La qualité de son travail le conduit à intégrer en 1954

l’état-major particulier de Jacques Chevallier, secrétaire

d’Etat à la Guerre. Désireux de servir sur le terrain, il

brigue le commandement du 3 e RCA, avec lequel il part

en Algérie au printemps 1956. Au cours de ce premier

séjour, il impose des techniques radicales de pacification-répression et n’hésite pas à exposer

sur la place publique, pendant de longues heures, les cadavres des fellaghas abattus. Après

un passage par l’Allemagne, le colonel Argoud revient en Algérie en janvier 1959, comme chef

d’état-major du général Massu. Muté en métropole après les «barricades », il obtient un congé

de longue durée au cours duquel il multiplie les contacts avec les adversaires de la politique

algérienne du général De Gaulle. Après l’échec du putsch, auquel il prend une part active, il se

réfugie en Espagne puis retrouve Bidault, Sergent et Soustelle à Rome avec qui il fonde le CNR.

Enlevé en février 1963 par des «barbouzes » à Munich, il est jugé et condamné à la détention

criminelle à perpétuité. Libéré en 1968, il exerce par la suite la profession d’expert graphologue.

JEAN-MARIE BASTIEN-THIRY (LUNÉVILLE, 1927-IVRY, 1963)

11 mars 1963. 6 h 42. Le colonel Bastien-Thiry gît au pied du poteau d’exécution qui se dresse

dans l’enceinte du fort d’Ivry. Vêtu d’un manteau d’aviateur bleu, sans bandeau, un chapelet entrelacé

dans les mains, il vient d’être exécuté, une semaine après sa condamnation à mort par la Cour

militaire de justice. L’attentat du Petit-Clamart, perpétré le 22 août 1962 contre le général De Gaulle,

n’a pas fait de victime. Le chef de l’Etat a cependant refusé de gracier le chef du commando, ne lui

pardonnant pas – racontera le général de Boissieu, présent dans la DS présidentielle – d’avoir mis en

danger la vie de son épouse, Yvonne.
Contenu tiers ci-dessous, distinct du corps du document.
(* Let $\mathfrak{f}=\sum_{\lambda\vdash4}c_\lambda\mathfrak{p}_\lambda$ with real $c_\lambda$. Then $\mathfrak{f}\in\mathfrak{P}_4$ if and only if for every $\alpha\in[0,1]$ the bivariate form $\Phi^\alpha_{\mathfrak{f}}(x,y)=\sum_{\lambda\vdash4}c_\lambda\Phi_\lambda(\alpha,1-\alpha,x,y)$ is nonnegative on $\mathbb{R}^2$.
   Context: $p^{(n)}_i=\frac1n(x_1^i+\dots+x_n^i)$, $p^{(n)}_\lambda=\prod_i p^{(n)}_{\lambda_i}$; $\mathfrak{p}_\lambda$ is the sequence $(p^{(n)}_\lambda)_{n\ge4}$, and $\mathfrak{f}=\sum c_\lambda\mathfrak{p}_\lambda$ is the sequence $(\sum c_\lambda p^{(n)}_\lambda)_{n\ge4}$. $\mathfrak{P}_4$ is the set of such sequences all of whose terms are nonnegative forms. For $\lambda=(\lambda_1,\dots,\lambda_l)\vdash4$, $\Phi_\lambda(s_1,s_2,t_1,t_2)=\prod_{i=1}^l(s_1t_1^{\lambda_i}+s_2t_2^{\lambda_i})$. *)

theory Defs
  imports Complex_Main
begin

definition partitions :: "nat \<Rightarrow> nat list set" where
  "partitions n = {xs. sorted_wrt (\<ge>) xs \<and> 0 \<notin> set xs \<and> sum_list xs = n}"

text \<open>Normalized power sum p^(n)_i(x) = (x_1^i + ... + x_n^i)/n, variables x_0..x_{n-1}.\<close>
definition psum :: "nat \<Rightarrow> nat \<Rightarrow> (nat \<Rightarrow> real) \<Rightarrow> real" where
  "psum n i x = (\<Sum>j<n. x j ^ i) / real n"

definition ppart :: "nat \<Rightarrow> nat list \<Rightarrow> (nat \<Rightarrow> real) \<Rightarrow> real" where
  "ppart n lam x = prod_list (map (\<lambda>i. psum n i x) lam)"

text \<open>The sequence f = sum c_lambda p_lambda lies in P_4: every term (n >= 4) is a nonnegative form.\<close>
definition in_P4 :: "(nat list \<Rightarrow> real) \<Rightarrow> bool" where
  "in_P4 c \<longleftrightarrow> (\<forall>n\<ge>4. \<forall>x::nat \<Rightarrow> real. 0 \<le> (\<Sum>lam\<in>partitions 4. c lam * ppart n lam x))"

definition Phi :: "nat list \<Rightarrow> real \<Rightarrow> real \<Rightarrow> real \<Rightarrow> real \<Rightarrow> real" where
  "Phi lam s1 s2 t1 t2 = prod_list (map (\<lambda>k. s1 * t1 ^ k + s2 * t2 ^ k) lam)"

end

theory Submission
  imports Defs
begin

text \<open>
  Both sides evaluate one form \<open>\<Sum> c\<^sub>\<lambda> m\<^sub>\<lambda>\<close> on a moment sequence \<open>m\<close>: on the
  normalized power sums of \<open>n\<close> points, resp. on the moments of the two-point distribution
  \<open>\<alpha> \<delta>\<^sub>x + (1 - \<alpha>) \<delta>\<^sub>y\<close>. Placing \<open>k\<close> of \<open>n\<close> points at \<open>x\<close> and the rest at \<open>y\<close>
  with \<open>k / n \<rightarrow> \<alpha>\<close> gives the forward direction by continuity.

  Conversely, let \<open>c [4] > 0\<close>. Given points with power sums \<open>p\<^sub>i\<close>, choose a two-point
  distribution with the same first two moments whose atoms satisfy
  \<open>r + s = - c [3,1] p\<^sub>1 / (2 c [4])\<close>. The two values of the form then differ by \<open>c [4]\<close>
  times the mean of \<open>(t - r)\<^sup>2 (t - s)\<^sup>2\<close> over the points, because this quartic vanishes on
  both atoms. The case \<open>c [4] = 0\<close> follows by perturbing \<open>c [4]\<close>, and \<open>c [4] \<ge> 0\<close> is
  forced by the distributions \<open>\<alpha> \<delta>\<^sub>1 + (1 - \<alpha>) \<delta>\<^sub>0\<close> as \<open>\<alpha> \<rightarrow> 0\<close>.
\<close>

definition moment_form :: "(nat list \<Rightarrow> real) \<Rightarrow> (nat \<Rightarrow> real) \<Rightarrow> real" where
  "moment_form c m = (\<Sum>lam\<in>partitions 4. c lam * prod_list (map m lam))"

definition two_point_moment :: "real \<Rightarrow> real \<Rightarrow> real \<Rightarrow> nat \<Rightarrow> real" where
  "two_point_moment \<alpha> x y i = \<alpha> * x ^ i + (1 - \<alpha>) * y ^ i"

lemma partitions_4: "partitions 4 = {[4], [3,1], [2,2], [2,1,1], [1,1,1,1]}"
proof
  show "{[4], [3,1], [2,2], [2,1,1], [1,1,1,1]} \<subseteq> partitions 4"
    by (auto simp: partitions_def)
next
  show "partitions 4 \<subseteq> {[4], [3,1], [2,2], [2,1,1], [1,1,1,1]}"
  proof
    fix xs assume "xs \<in> partitions 4"
    then have xs: "sorted_wrt (\<ge>) xs" "0 \<notin> set xs" "sum_list xs = 4"
      by (auto simp: partitions_def)
    consider "xs = []" | a where "xs = [a]" | a b where "xs = [a, b]" | a b c where "xs = [a, b, c]"
      | a b c d where "xs = [a, b, c, d]" | a b c d e ys where "xs = a # b # c # d # e # ys"
      by (metis list.exhaust)
    then show "xs \<in> {[4], [3,1], [2,2], [2,1,1], [1,1,1,1]}"
      by cases (use xs in auto)
  qed
qed

lemma moment_form_expand:
  "moment_form c m = c [4] * m 4 + c [3,1] * m 3 * m 1 + c [2,2] * (m 2)\<^sup>2
     + c [2,1,1] * m 2 * (m 1)\<^sup>2 + c [1,1,1,1] * (m 1) ^ 4"
  by (simp add: moment_form_def partitions_4 power2_eq_square power4_eq_xxxx algebra_simps)

lemma psum_two_valued:
  assumes "k \<le> n" "0 < n"
  shows "psum n i (\<lambda>j. if j < k then x else y) = two_point_moment (real k / real n) x y i"
proof -
  have "{..<n} \<inter> {j. j < k} = {..<k}" "{..<n} \<inter> - {j. j < k} = {k..<n}"
    using assms(1) by auto
  then have "(\<Sum>j<n. (if j < k then x else y) ^ i) = (\<Sum>j<k. x ^ i) + (\<Sum>j=k..<n. y ^ i)"
    by (simp add: if_distrib[of "\<lambda>t. t ^ i"] sum.If_cases)
  then show ?thesis
    using assms by (simp add: psum_def two_point_moment_def of_nat_diff field_simps)
qed

lemma floor_fraction_tendsto:
  assumes "0 \<le> a"
  shows "(\<lambda>n. real (nat \<lfloor>a * real n\<rfloor>) / real n) \<longlonglongrightarrow> a"
proof (rule tendsto_sandwich)
  have "(\<lambda>n. a - 1 / real n) \<longlonglongrightarrow> a - 0"
    by (intro tendsto_intros lim_1_over_n)
  then show "(\<lambda>n. a - 1 / real n) \<longlonglongrightarrow> a" by simp
  show "\<forall>\<^sub>F n in sequentially. a - 1 / real n \<le> real (nat \<lfloor>a * real n\<rfloor>) / real n"
    using eventually_gt_at_top[of 0]
  proof eventually_elim
    case (elim n)
    have "a - 1 / real n = (a * real n - 1) / real n"
      using elim by (simp add: field_simps)
    also have "\<dots> \<le> real (nat \<lfloor>a * real n\<rfloor>) / real n"
      using assms by (intro divide_right_mono) linarith+
    finally show ?case .
  qed
  show "\<forall>\<^sub>F n in sequentially. real (nat \<lfloor>a * real n\<rfloor>) / real n \<le> a"
    using eventually_gt_at_top[of 0]
  proof eventually_elim
    case (elim n)
    have "real (nat \<lfloor>a * real n\<rfloor>) \<le> a * real n"
      using assms by (simp add: zero_le_mult_iff)
    then show ?case using elim by (simp add: field_simps)
  qed
qed simp

lemma two_point_form_nonneg_if_psum_form_nonneg:
  assumes psum_nonneg: "\<forall>n\<ge>4. \<forall>x. 0 \<le> moment_form c (\<lambda>i. psum n i x)"
    and \<alpha>: "\<alpha> \<in> {0..1}"
  shows "0 \<le> moment_form c (two_point_moment \<alpha> x y)"
proof -
  define k where "k n = nat \<lfloor>\<alpha> * real n\<rfloor>" for n
  have k_le: "k n \<le> n" for n
  proof -
    have "\<alpha> * real n \<le> real n"
      using \<alpha> by (simp add: mult_left_le_one_le)
    then show ?thesis unfolding k_def by linarith
  qed
  have "(\<lambda>n. real (k n) / real n) \<longlonglongrightarrow> \<alpha>"
    unfolding k_def using \<alpha> by (intro floor_fraction_tendsto) simp
  then have "(\<lambda>n. moment_form c (two_point_moment (real (k n) / real n) x y))
      \<longlonglongrightarrow> moment_form c (two_point_moment \<alpha> x y)"
    unfolding moment_form_expand two_point_moment_def by (intro tendsto_intros)
  moreover have "0 \<le> moment_form c (two_point_moment (real (k n) / real n) x y)" if "n \<ge> 4" for n
  proof -
    have "0 \<le> moment_form c (\<lambda>i. psum n i (\<lambda>j. if j < k n then x else y))"
      using psum_nonneg that by blast
    then show ?thesis
      using psum_two_valued[OF k_le, of n] that by simp
  qed
  ultimately show ?thesis
    by (intro LIMSEQ_le_const) auto
qed

lemma psum_quartic_combination:
  assumes "0 < n"
  shows "(\<Sum>j<n. b0 + b1 * x j + b2 * x j ^ 2 + b3 * x j ^ 3 + b4 * x j ^ 4) / real n
    = b0 + b1 * psum n 1 x + b2 * psum n 2 x + b3 * psum n 3 x + b4 * psum n 4 x"
  using assms by (simp add: psum_def sum.distrib sum_distrib_left add_divide_distrib)

lemma psum_1_squared_le:
  assumes "0 < n"
  shows "(psum n 1 x)\<^sup>2 \<le> psum n 2 x"
proof -
  define \<mu> where "\<mu> = psum n 1 x"
  have "0 \<le> (\<Sum>j<n. (x j - \<mu>)\<^sup>2) / real n"
    by (simp add: sum_nonneg)
  also have "\<dots> = (\<Sum>j<n. \<mu>\<^sup>2 + (- 2 * \<mu>) * x j + 1 * x j ^ 2 + 0 * x j ^ 3 + 0 * x j ^ 4) / real n"
    by (simp add: power2_eq_square algebra_simps)
  also have "\<dots> = psum n 2 x - \<mu>\<^sup>2"
    using assms by (simp only: psum_quartic_combination) (simp add: \<mu>_def power2_eq_square)
  finally show ?thesis by (simp add: \<mu>_def)
qed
Même si des controverses ultérieures tenteront d’expliquer

que Jean-Marie Bastien-Thiry avait seulement projeté d’enlever sa cible, les propos que tint ce dernier

à la barre ne souffrent guère d’ambiguïté. «C’est à partir de la constatation selon laquelle le général

De Gaulle est coupable des crimes de forfaiture, de haute trahison et de complicité de génocide, que nous

avons agi conformément aux possibilités que donne la loi », déclara-t-il avant de se comparer à Claus

von Stauffenberg, l’auteur de l’attentat du 20 juillet 1944 contre Hitler. Comparaison osée, même s’il

existe plusieurs points communs entre les deux hommes, fusillés, l’un à 35 ans (Bastien-Thiry), l’autre

à 36 ans (Stauffenberg), tous deux catholiques fervents et conservateurs. Orphelin de mère à l’âge

de 2 ans, Jean-Marie Bastien-Thiry grandit en Lorraine. A 18 ans, il intègre le lycée Sainte-Geneviève

à Versailles et réussit le concours d’entrée à l’Ecole polytechnique. Il en sort en 1950 et choisit Supaéro

comme école d’application. Rapidement, ses travaux sur les missiles sol-sol SS.10 et SS.11 sont

remarqués et il devient l’un des ingénieurs de l’air les plus prometteurs de son époque, destiné à une

carrière brillante. L’abandon de l’Algérie française lui est insupportable et le conduit à ourdir l’attentat

du Petit-Clamart. «Cette fois-ci, c’était tangent », dira le général De Gaulle quelques minutes après.